Dopo aver lasciato il segno in svariati generi firmando classici e capolavori indimenticati quali l’horror Il presagio, il cinecomic Superman – Il film, il fantasy Ladyhawke e l’avventuroso per ragazzi I Goonies, Richard Donner mise in piedi nel 1987 quello che si è poi rivelato un caposaldo del cinema d’azione: Arma letale.
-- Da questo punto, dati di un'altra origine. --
lemma is_cauchy_mle_paired_sample:
  assumes "0 < Im \<theta>"
    and "\<And>i. i < k \<Longrightarrow> a i \<noteq> b i \<and> (a i - Re \<theta>) * (b i - Re \<theta>) + (Im \<theta>)\<^sup>2 = 0"
  shows "is_cauchy_mle (2 * k) (paired_sample k a b) \<theta>"
  unfolding is_cauchy_mle_def cauchy_lik_paired_sample
proof (intro conjI allI impI prod_mono)
  fix \<eta> i assume "0 < Im \<eta>" "i \<in> {..<k}"
  then show "0 \<le> cauchy_pdf \<eta> (a i) * cauchy_pdf \<eta> (b i)"
    using cauchy_pdf_pos by (simp add: less_imp_le)
  show "cauchy_pdf \<eta> (a i) * cauchy_pdf \<eta> (b i) \<le> cauchy_pdf \<theta> (a i) * cauchy_pdf \<theta> (b i)"
    using cauchy_pdf_pair_le[OF \<open>0 < Im \<eta>\<close>] cauchy_pdf_pair_eq[OF assms(1)] assms(2) \<open>i \<in> {..<k}\<close>
    by simp
qed (fact assms)

lemma ordered_paired_sample:
  assumes "ordered_sample k a" "ordered_sample k b" "\<And>i j. i < k \<Longrightarrow> j < k \<Longrightarrow> a i < b j"
  shows "ordered_sample (2 * k) (paired_sample k a b)"
  using assms unfolding ordered_sample_def paired_sample_def
  by (auto simp: not_less)

text \<open>The circle centred on the real axis through \<open>a\<close> and \<open>\<theta>\<close> meets the real axis again in
  \<open>circle_partner \<theta> a\<close>; so \<open>\<theta>\<close> lies on the circle with diameter \<open>[a, circle_partner \<theta> a]\<close>.\<close>
definition circle_partner :: "complex \<Rightarrow> real \<Rightarrow> real" where
  "circle_partner \<theta> a = Re \<theta> + (Im \<theta>)\<^sup>2 / (Re \<theta> - a)"

lemma circle_partner_on_circle:
  "a \<noteq> Re \<theta> \<Longrightarrow> (a - Re \<theta>) * (circle_partner \<theta> a - Re \<theta>) + (Im \<theta>)\<^sup>2 = 0"
  unfolding circle_partner_def by (simp add: field_simps)

lemma circle_partner_involution:
  "a \<noteq> Re \<theta> \<Longrightarrow> Im \<theta> \<noteq> 0 \<Longrightarrow> circle_partner \<theta> (circle_partner \<theta> a) = a"
  unfolding circle_partner_def by (simp add: field_simps)

lemma circle_partner_gt: "a < Re \<theta> \<Longrightarrow> Im \<theta> \<noteq> 0 \<Longrightarrow> Re \<theta> < circle_partner \<theta> a"
  unfolding circle_partner_def by simp

lemma circle_partner_strict_mono:
  assumes "a < a'" "a' < Re \<theta>" "Im \<theta> \<noteq> 0"
  shows "circle_partner \<theta> a < circle_partner \<theta> a'"
  unfolding circle_partner_def using assms by (simp add: divide_strict_left_mono)

text \<open>The left points are spread evenly over \<open>[-1, g]\<close>, where \<open>g\<close> is the partner of \<open>1\<close>, and
  each is paired with its circle partner; \<open>|\<xi>| < 1\<close> is exactly what makes \<open>-1 < g\<close>.\<close>
lemma even_sample_with_mle_rel_pos:
  assumes "2 \<le> k" "0 < Im \<xi>" "cmod \<xi> < 1"
  shows "\<exists>x. ordered_sample (2 * k) x \<and> mle_rel_pos_is (2 * k) x \<xi>"
proof -
  define g where "g = circle_partner \<xi> 1"
  define a where "a i = -1 + (g + 1) * real i / real (k - 1)" for i
  define b where "b i = circle_partner \<xi> (a i)" for i
  have Im: "Im \<xi> \<noteq> 0" using assms by simp
  have Re_lt_1: "Re \<xi> < 1"
    using abs_Re_le_cmod[of \<xi>] assms by linarith
  have "(cmod \<xi>)\<^sup>2 < 1" using assms(3) by (simp add: abs_square_less_1)
  then have "(Im \<xi>)\<^sup>2 < (1 + Re \<xi>) * (1 - Re \<xi>)"
    unfolding cmod_power2 by (simp add: algebra_simps power2_eq_square)
  then have g_gt: "-1 < g"
    using Re_lt_1 unfolding g_def circle_partner_def by (simp add: field_simps)
  have g_lt: "g < Re \<xi>"
    using Re_lt_1 Im unfolding g_def circle_partner_def by (simp add: divide_pos_neg)
  have k1: "0 < real (k - 1)" using assms(1) by simp
  have a_mono: "ordered_sample k a"
    unfolding ordered_sample_def a_def using g_gt k1
    by (auto intro!: divide_strict_right_mono mult_strict_left_mono)
  have a_le: "a i \<le> g" if "i < k" for i
  proof -
    have "(g + 1) * real i / real (k - 1) \<le> g + 1"
      using that g_gt k1 by (simp add: divide_simps)
    then show ?thesis unfolding a_def by simp
  qed
  have a_lt: "a i < Re \<xi>" if "i < k" for i using a_le[OF that] g_lt by simp
  have b_gt: "Re \<xi> < b i" if "i < k" for i
    unfolding b_def using circle_partner_gt a_lt[OF that] Im by blast
  have b_mono: "ordered_sample k b"
    using a_mono a_lt Im unfolding ordered_sample_def b_def
    by (auto intro!: circle_partner_strict_mono)
  have ordered: "ordered_sample (2 * k) (paired_sample k a b)"
    using a_mono b_mono a_lt b_gt by (intro ordered_paired_sample) (meson less_trans)+
  have mle: "is_cauchy_mle (2 * k) (paired_sample k a b) \<xi>"
    using a_lt b_gt assms(2) unfolding b_def
    by (intro is_cauchy_mle_paired_sample circle_partner_on_circle conjI) force+
  have "a 0 = -1" "b (k - 1) = 1"
    using k1 Re_lt_1 Im unfolding a_def b_def g_def by (simp_all add: circle_partner_involution)
  then have "rel_pos (2 * k) (paired_sample k a b) \<xi> = \<xi>"
    using assms(1) by (simp add: rel_pos_def paired_sample_def)
  then show ?thesis using ordered mle unfolding mle_rel_pos_is_def by blast
qed

lemma ln_cauchy_lik:
  assumes "0 < s"
  shows "ln (cauchy_lik n x (Complex m s)) = (\<Sum>j<n. ln s - ln pi - ln ((x j - m)\<^sup>2 + s\<^sup>2))"
  using assms unfolding cauchy_lik_def
  by (auto simp: ln_prod ln_div ln_mult add_nonneg_pos intro!: sum.cong)

lemma has_real_derivative_ln_cauchy_density_loc:
  assumes "0 < s"
  shows "((\<lambda>m. ln s - ln pi - ln ((a - m)\<^sup>2 + s\<^sup>2)) has_real_derivative
           2 * (a - m) / ((a - m)\<^sup>2 + s\<^sup>2)) (at m)"
proof -
  have D: "0 < (a - m)\<^sup>2 + s\<^sup>2" using assms by (simp add: add_nonneg_pos)
  show ?thesis
    by (rule derivative_eq_intros refl D)+ (simp add: minus_divide_left)
qed

lemma has_real_derivative_ln_cauchy_density_scale:
  assumes "0 < s"
  shows "((\<lambda>s. ln s - ln pi - ln ((a - m)\<^sup>2 + s\<^sup>2)) has_real_derivative
           1 / s - 2 * s / ((a - m)\<^sup>2 + s\<^sup>2)) (at s)"
proof -
  have D: "0 < (a - m)\<^sup>2 + s\<^sup>2" using assms by (simp add: add_nonneg_pos)
  show ?thesis
    by (rule derivative_eq_intros refl D assms)+ (simp add: field_simps)
qed
(* The categories $\sigma\ell\mathbb{G}_u$ and $\mathcal{V}_{\sigma\ell\mathbb{G}_u}$ are isomorphic via the functor $U_u\colon\mathcal{V}_{\sigma\ell\mathbb{G}_u}\to\sigma\ell\mathbb{G}_u$ that forgets $\bigvee^-$ (keeping the $\ell$-group operations and interpreting the constant $1$ as the designated weak unit; identity on maps) and the functor $F_u\colon\sigma\ell\mathbb{G}_u\to\mathcal{V}_{\sigma\ell\mathbb{G}_u}$ that adds the operation $\bigvee^-(g,f_1,f_2,\dots):=\sup_{n\ge1}\{f_n\wedge g\}$ and interprets $1$ as the designated weak unit (identity on maps); both are well defined and mutually inverse. In particular the category of Dedekind $\sigma$-complete $\ell$-groups with weak unit is an infinitary variety. An element $1$ of an $\ell$-group $G$ is a weak (order) unit if $1\ge0$ and for all $f\in G$, $f\wedge1=0$ implies $f=0$. Dedekind $\sigma$-complete: every countable subset with an upper bound has a supremum. $\sigma$-continuous: preserves all existing countable suprema. $\sigma\ell\mathbb{G}_u$ is the category of Dedekind $\sigma$-complete $\ell$-groups with a designated weak unit, with $\sigma$-continuous $\ell$-morphisms preserving the designated weak unit. $\mathcal{V}_{\sigma\ell\mathbb{G}}$ is the variety of algebras $(G,0,+,-,\vee,\wedge,\bigvee^-)$, $\bigvee^-$ of countably infinite arity with $\bigvee_{n\ge1}^g f_n:=\bigvee^-(g,f_1,f_2,\dots)$, satisfying the $\ell$-group axioms and (A1) $\bigvee_{n\ge1}^g f_n=\bigvee_{n\ge1}^g(f_n\wedge g)$; (A2) $\bigvee_{n\ge1}^g f_n=(f_1\wedge g)\vee\bigvee^-(g,f_2,f_3,\dots)$; (A3) $\bigvee_{n\ge1}^g(f_n\wedge h)\le h$ ($a\le b$ meaning $a\wedge b=a$). $\mathcal{V}_{\sigma\ell\mathbb{G}_u}$ is the variety in the language of $\mathcal{V}_{\sigma\ell\mathbb{G}}$ plus a constant $1$, axiomatized by the axioms of $\mathcal{V}_{\sigma\ell\mathbb{G}}$ together with $\bigvee_{n\ge1}^{|f|}(|f|\wedge n1)=|f|$; its morphisms preserve all operations including $1$. *)

theory Defs
  imports Main
begin

text \<open>Objects are algebras whose carrier is a whole HOL type 'a (the theorem is
schematic in the types, so this ranges over all carriers).\<close>

record 'a lgu =
  zer :: 'a
  pls :: "'a \<Rightarrow> 'a \<Rightarrow> 'a"
  ng  :: "'a \<Rightarrow> 'a"
  jn  :: "'a \<Rightarrow> 'a \<Rightarrow> 'a"
  mt  :: "'a \<Rightarrow> 'a \<Rightarrow> 'a"
  unt :: 'a

record 'a vslu = "'a lgu" +
  bigv :: "'a \<Rightarrow> (nat \<Rightarrow> 'a) \<Rightarrow> 'a"
  \<comment> \<open>bigv g f = bigvee-minus(g, f 0, f 1, ...), i.e. f 0 plays the role of f_1\<close>

definition lgroup_ax :: "('a, 'm) lgu_scheme \<Rightarrow> bool" where
  "lgroup_ax G \<longleftrightarrow>
     (\<forall>x y z. pls G (pls G x y) z = pls G x (pls G y z)) \<and>
     (\<forall>x. pls G (zer G) x = x \<and> pls G x (zer G) = x) \<and>
     (\<forall>x. pls G (ng G x) x = zer G \<and> pls G x (ng G x) = zer G) \<and>
     (\<forall>x y. jn G x y = jn G y x \<and> mt G x y = mt G y x) \<and>
     (\<forall>x y z. jn G (jn G x y) z = jn G x (jn G y z) \<and> mt G (mt G x y) z = mt G x (mt G y z)) \<and>
     (\<forall>x y. jn G x (mt G x y) = x \<and> mt G x (jn G x y) = x) \<and>
     (\<forall>x y z. pls G x (jn G y z) = jn G (pls G x y) (pls G x z) \<and>
              pls G (jn G y z) x = jn G (pls G y x) (pls G z x))"

definition leq :: "('a, 'm) lgu_scheme \<Rightarrow> 'a \<Rightarrow> 'a \<Rightarrow> bool" where
  "leq G x y \<longleftrightarrow> mt G x y = x"

definition absv :: "('a, 'm) lgu_scheme \<Rightarrow> 'a \<Rightarrow> 'a" where
  "absv G x = jn G x (ng G x)"

definition nsmul :: "('a, 'm) lgu_scheme \<Rightarrow> nat \<Rightarrow> 'a \<Rightarrow> 'a" where
  "nsmul G n x = (pls G x ^^ n) (zer G)"

definition is_sup :: "('a, 'm) lgu_scheme \<Rightarrow> 'a set \<Rightarrow> 'a \<Rightarrow> bool" where
  "is_sup G S s \<longleftrightarrow> (\<forall>x\<in>S. leq G x s) \<and> (\<forall>u. (\<forall>x\<in>S. leq G x u) \<longrightarrow> leq G s u)"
Da uno script dell’allora ventiseienne Shane Black, un’operazione che vede protagonisti i poliziotti di Los Angeles Martin Riggs e Roger Murtaugh, rispettivamente interpretati da un Mel Gibson reduce dalla saga dedicata all’eroe futuristico Mad Max e dal Danny Glover interprete di drammi di successo come Le stagioni del cuore, Il colore viola e Witness – Il testimone.
Due agenti di polizia con principi esistenziali agli antipodi: Riggs proveniente dalla guerra del Vietnam e con problemi di instabilità mentale e manie suicide, Murtaugh veterano di mezza età ligio nella sua professione e devoto padre di famiglia dalla vita tranquilla.
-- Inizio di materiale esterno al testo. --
lemma letter_count_move1:
  assumes nw: "is_nanoword (x @ [A, A] @ y, p)" and Q0: "\<not> Q (\<lambda>_. 0) (\<lambda>_. 0)"
  shows "letter_count Q (x @ [A, A] @ y, p) t = letter_count Q (x @ y, p) t"
proof -
  define u where "u = x @ [A, A] @ y"
  define v where "v = x @ y"
  have set_u: "set u = insert A (set v)" and A_v: "A \<notin> set v"
    using nanoword_notin_between[of x A "[]" y p] nw u_def v_def by auto
  have link_v: "linking u X Y = linking v X Y" if "X \<noteq> A" "Y \<noteq> A" for X Y
    unfolding linking_def u_def v_def using that by simp
  have sum_A: "link_sum h u p A = (\<lambda>_. 0)" if "h 0 = 0" for h
    unfolding link_sum_def u_def using linking_adjacent that by (intro ext sum.neutral) auto
  have sum_v: "link_sum h u p X = link_sum h v p X" if "h 0 = 0" "X \<in> set v" for h X
  proof
    fix s
    have X_A: "X \<noteq> A" using that A_v by auto
    have "linking u X Y = linking v X Y" if Y: "Y \<in> set v" for Y
      by (rule link_v[OF X_A]) (use A_v Y in blast)
    moreover have "linking u X A = 0"
      unfolding u_def by (rule linking_adjacent)
    ultimately show "link_sum h u p X s = link_sum h v p X s"
      unfolding link_sum_def set_u using A_v \<open>h 0 = 0\<close>
      by (simp add: sum.insert, intro sum.cong) simp_all
  qed
  have "letter_count Q (u, p) t = (\<Sum>X\<in>set v.
      if p X = t \<and> Q (link_sum id u p X) (link_sum indicator_one u p X) then 1 else 0)"
    unfolding letter_count_def using set_u A_v sum_A[of id] sum_A[of indicator_one] Q0
    by (simp add: indicator_one_def)
  also have "\<dots> = letter_count Q (v, p) t"
    unfolding letter_count_def using sum_v[of id] sum_v[of indicator_one]
    by (intro sum.cong) (auto simp: indicator_one_def)
  finally show ?thesis using u_def v_def by simp
qed

lemma linking_move2:
  fixes x y z :: "nat list" and A B :: nat
  defines "u \<equiv> x @ [A, B] @ y @ [B, A] @ z"
  assumes notin: "A \<notin> set (x @ y @ z)" "B \<notin> set (x @ y @ z)" and AB: "A \<noteq> B"
  shows "\<lbrakk>X \<notin> {A, B}; Y \<notin> {A, B}\<rbrakk> \<Longrightarrow> linking u X Y = linking (x @ y @ z) X Y"
    and "X \<notin> {A, B} \<Longrightarrow> linking u X A = linking u X B"
    and "linking u A Y = linking u B Y"
proof -
  define g where "g = (\<lambda>z. if z = A then B else if z = B then A else z)"
  have "map g x = x" "map g y = y" "map g z = z"
    using notin unfolding g_def by (auto intro!: map_idI)
  then have map_u: "map g u = x @ [B, A] @ y @ [A, B] @ z"
    unfolding u_def by (simp add: g_def)
  have "inj g"
    unfolding g_def inj_def by auto
  then have swap: "linking (x @ [B, A] @ y @ [A, B] @ z) (g X) (g Y) = linking u X Y" for X Y
    using linking_map[OF inj_on_subset[OF _ subset_UNIV], of g u X Y] map_u by simp
  show "linking u X Y = linking (x @ y @ z) X Y" if "X \<notin> {A, B}" "Y \<notin> {A, B}"
    using that unfolding linking_def u_def by simp
  show "linking u X A = linking u X B" if "X \<notin> {A, B}"
  proof -
    have "linking (x @ [B, A] @ y @ [A, B] @ z) X B = linking u X B"
      unfolding linking_def u_def using that AB by simp
    then show ?thesis
      using swap[of X A] that by (simp add: g_def)
  qed
  show "linking u A Y = linking u B Y"
  proof (cases "Y \<in> {A, B}")
    case True
    have "filter (\<lambda>z. z = A \<or> z = B) u = [A, B, B, A]" "filter (\<lambda>z. z = B \<or> z = A) u = [A, B, B, A]"
      unfolding u_def using notin AB by (simp_all add: filter_two_notin)
    then show ?thesis
      using True AB unfolding linking_def interlace_sign_def by auto
  next
    case False
    have "linking (x @ [B, A] @ y @ [A, B] @ z) B Y = linking u B Y"
      unfolding linking_def u_def using False AB by simp
    then show ?thesis
      using swap[of A Y] False by (simp add: g_def)
  qed
qed

lemma link_sum_move2:
  fixes x y z :: "nat list" and A B :: nat
  defines "u \<equiv> x @ [A, B] @ y @ [B, A] @ z"
  assumes notin: "A \<notin> set (x @ y @ z)" "B \<notin> set (x @ y @ z)" and AB: "A \<noteq> B"
  shows "link_sum h u p B = link_sum h u p A"
    and "\<lbrakk>h 0 = 0; X \<in> set (x @ y @ z)\<rbrakk> \<Longrightarrow> link_sum h u p X
           = (\<lambda>s. link_sum h (x @ y @ z) p X s + h (linking u X A) * (delta (p A) s + delta (p B) s))"
proof -
  note link = linking_move2[OF notin AB, folded u_def]
  show "link_sum h u p B = link_sum h u p A"
    unfolding link_sum_def by (intro ext sum.cong refl) (simp add: link(3))
  show "link_sum h u p X
      = (\<lambda>s. link_sum h (x @ y @ z) p X s + h (linking u X A) * (delta (p A) s + delta (p B) s))"
    if "h 0 = 0" "X \<in> set (x @ y @ z)"
  proof
    fix s
    have X_AB: "X \<notin> {A, B}"
      using that notin by auto
    have "set u = insert A (insert B (set (x @ y @ z)))"
      unfolding u_def by auto
    moreover have "linking u X Y = linking (x @ y @ z) X Y" if Y: "Y \<in> set (x @ y @ z)" for Y
      by (rule link(1)[OF X_AB]) (use notin Y in blast)
    ultimately have "link_sum h u p X s = (if p A = s then h (linking u X A) else 0)
        + (if p B = s then h (linking u X B) else 0) + link_sum h (x @ y @ z) p X s"
      unfolding link_sum_def using notin AB by (simp add: sum.insert, intro sum.cong) auto
    then show "link_sum h u p X s
        = link_sum h (x @ y @ z) p X s + h (linking u X A) * (delta (p A) s + delta (p B) s)"
      using link(2)[OF X_AB] by (simp add: delta_def algebra_simps)
  qed
qed

lemma letter_count_move2:
  assumes nw: "is_nanoword (x @ [A, B] @ y @ [B, A] @ z, p)" and AB: "A \<noteq> B"
    and pB: "p B = \<tau> (p A)"
    and shift: "\<forall>L K \<alpha> k j. Q (\<lambda>y. L y + k * (delta \<alpha> y + delta (\<tau> \<alpha>) y))
                               (\<lambda>y. K y + j * (delta \<alpha> y + delta (\<tau> \<alpha>) y)) = Q L K"
  obtains c where "\<And>t. letter_count Q (x @ [A, B] @ y @ [B, A] @ z, p) t
      = letter_count Q (x @ y @ z, p) t + (if c \<and> p A = t then 1 else 0)
        + (if c \<and> \<tau> (p A) = t then 1 else 0)"
proof -
  define u where "u = x @ [A, B] @ y @ [B, A] @ z"
  define v where "v = x @ y @ z"
  have notin: "A \<notin> set v" "B \<notin> set v"
    using nanoword_notin_between[of x A "B # y @ [B]" z p]
      nanoword_notin_between[of "x @ [A]" B y "A # z" p] nw AB
    unfolding v_def by auto
  note sums = link_sum_move2[OF notin[unfolded v_def] AB, folded u_def v_def]
  have Q_v: "Q (link_sum id u p X) (link_sum indicator_one u p X)
      = Q (link_sum id v p X) (link_sum indicator_one v p X)" if "X \<in> set v" for X
    using sums(2)[where h = id and p = p] sums(2)[where h = indicator_one and p = p] that shift pB
    by (simp add: indicator_one_def)
  define c where "c = Q (link_sum id u p A) (link_sum indicator_one u p A)"
  have "letter_count Q (u, p) t = letter_count Q (v, p) t + (if c \<and> p A = t then 1 else 0)
      + (if c \<and> \<tau> (p A) = t then 1 else 0)" for t
  proof -
    have "set u = insert A (insert B (set v))"
      unfolding u_def v_def by auto
    then have "letter_count Q (u, p) t = (if p A = t \<and> c then 1 else 0) + (if p B = t \<and> c then 1 else 0)
        + (\<Sum>X\<in>set v. if p X = t \<and> Q (link_sum id u p X) (link_sum indicator_one u p X) then 1 else 0)"
      unfolding letter_count_def c_def using notin AB
      by (simp add: sum.insert sums(1)[where h = id] sums(1)[where h = indicator_one])
    also have "(\<Sum>X\<in>set v. if p X = t \<and> Q (link_sum id u p X) (link_sum indicator_one u p X)
        then 1 else 0) = letter_count Q (v, p) t"
      unfolding letter_count_def using Q_v by (intro sum.cong) auto
    finally show ?thesis using pB by auto
  qed
  then show ?thesis
    using that unfolding u_def v_def by blast
qed

lemma sum_eq_if_eq_off_two:
  assumes "finite T" "B \<in> T" "C \<in> T" "B \<noteq> C"
    and "\<And>E. E \<in> T \<Longrightarrow> E \<noteq> B \<Longrightarrow> E \<noteq> C \<Longrightarrow> f E = g E"
    and "f B + f C = (g B + g C :: 'b :: comm_monoid_add)"
  shows "sum f T = sum g T"
proof -
  have C: "C \<in> T - {B}" using assms by auto
  have "sum h T = h B + (h C + sum h (T - {B} - {C}))" for h :: "_ \<Rightarrow> 'b"
    using sum.remove[OF assms(1,2), of h] sum.remove[OF _ C, of h] assms(1) by simp
  moreover have "sum f (T - {B} - {C}) = sum g (T - {B} - {C})"
    using assms(5) by (intro sum.cong) auto
  ultimately show ?thesis
    using assms(6) by (metis add.assoc)
qed

lemma linking_move3:
  fixes x y z r :: "nat list" and A B C :: nat
  defines "u \<equiv> x @ [A, B] @ y @ [A, C] @ z @ [B, C] @ r"
    and "v \<equiv> x @ [B, A] @ y @ [C, A] @ z @ [C, B] @ r"
  assumes notin: "{A, B, C} \<inter> set (x @ y @ z @ r) = {}"
    and distinct: "A \<noteq> B" "A \<noteq> C" "B \<noteq> C"
  shows "D \<notin> {A, B, C} \<or> E \<notin> {A, B, C} - {D} \<Longrightarrow> linking u D E = linking v D E"
    and "linking u A B = 1" "linking v A B = 0" "linking u A C = 0" "linking v A C = 1"
      "linking u B A = -1" "linking v B A = 0" "linking u B C = 1" "linking v B C = 0"
      "linking u C A = 0" "linking v C A = -1" "linking u C B = -1" "linking v C B = 0"
proof -
  show "linking u D E = linking v D E" if "D \<notin> {A, B, C} \<or> E \<notin> {A, B, C} - {D}"
  proof (cases "D = E")
    case False
    then show ?thesis
      using that distinct unfolding linking_def u_def v_def by auto
  qed simp
  have "filter (\<lambda>z. z = A \<or> z = B) u = [A, B, A, B]" "filter (\<lambda>z. z = A \<or> z = B) v = [B, A, A, B]"
    "filter (\<lambda>z. z = B \<or> z = A) u = [A, B, A, B]" "filter (\<lambda>z. z = B \<or> z = A) v = [B, A, A, B]"
    "filter (\<lambda>z. z = A \<or> z = C) u = [A, A, C, C]" "filter (\<lambda>z. z = A \<or> z = C) v = [A, C, A, C]"
    "filter (\<lambda>z. z = C \<or> z = A) u = [A, A, C, C]" "filter (\<lambda>z. z = C \<or> z = A) v = [A, C, A, C]"
    "filter (\<lambda>z. z = B \<or> z = C) u = [B, C, B, C]" "filter (\<lambda>z. z = B \<or> z = C) v = [B, C, C, B]"
    "filter (\<lambda>z. z = C \<or> z = B) u = [B, C, B, C]" "filter (\<lambda>z. z = C \<or> z = B) v = [B, C, C, B]"
    unfolding u_def v_def using notin distinct by (simp_all add: filter_two_notin)
  then show "linking u A B = 1" "linking v A B = 0" "linking u A C = 0" "linking v A C = 1"
      "linking u B A = -1" "linking v B A = 0" "linking u B C = 1" "linking v B C = 0"
      "linking u C A = 0" "linking v C A = -1" "linking u C B = -1" "linking v C B = 0"
    unfolding linking_def interlace_sign_def using distinct by auto
qed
I due vengono messi insieme per svolgere una scottante indagine partita dal suicidio di una ragazza e destinata a fargli scoprire un grosso traffico di droga guidato da un temibile ex generale supportato da un violento braccio destro chiamato Joshua, ovvero Mitchell Ryan e Gary Busey.
Quando si parla di Arma letale non si intende incentrare il discorso sulla sola riuscita di un singolo film il cui successo, oltretutto, ha poi generato tre sequel sempre diretti da Donner, ma ci si focalizza soprattutto sul decennio anni Ottanta che vide imperare sugli schermi cinematografici esclusivamente uomini muscolosi e nerboruti del calibro di Sylvester Stallone e Arnold Schwarzenegger.

L’alchimia perfetta che si è creata tra Gibson e Glover è l’elemento fondamentale che ha maggiormente contribuito al successo di un titolo sempreverde la cui destrezza nell’alternare momenti adrenalinici e divertenti battute ha fatto raggiungere un punto di non ritorno del genere action, formula magari in seguito rivista anche in altri lungometraggi all’altezza della situazione (uno su tutti Die hard – Trappola di cristallo, prodotto dal medesimo Joel Silver di Arma letale).
E, sebbene siano trascorsi quasi quarant’anni dall’uscita del film in sala, le avventure di Riggs e Murtaugh non annoiano mai, senza invecchiare di un solo fotogramma e senza mai stancare di visione in visione.
Un risultato che solo determinati prodotti possono vantare e che in questa occasione trovano un ulteriore motivo di riuscita nella professionalità del compianto regista Donner, artista mai abbastanza lodato che ci ha regalato nel corso della sua carriera racconti per immagini indimenticabili proprio come questo.
Un classico anni del decennio reaganiano ulteriormente impreziosito, poi, dal sound blues delle musiche di Michael Kamen ed Eric Clapton e dal resto del valido cast che, oltre ai citati Ryan e Busey, include Darlene Love, Tracy Wolfe, Steve Kahan, Mary Ellen Trainor, Ed O’Ross, Al Leong, Grand L. Bush e Tom Atkins.
È Warner Bros Entertainment Italia a rendere ora disponibile Arma letale in un’edizione steelbook da collezione dispensatrice della pellicola in blu-ray nella versione cinematografica e in 4K Ultra HD sia nella stessa versione che in director’s cut.
Senza contare i contenuti speciali: commento audio di Donner, quattordici scene supplementari, il trailer e il video musicale Lethal weapon degli Honeymoon Sweet nel blu-ray; sei minuti di ”I’m too old for this”: a chemistry that become iconic e sette di A legacy of inspiration: remembering Dick Donner nel 4K Ultra HD.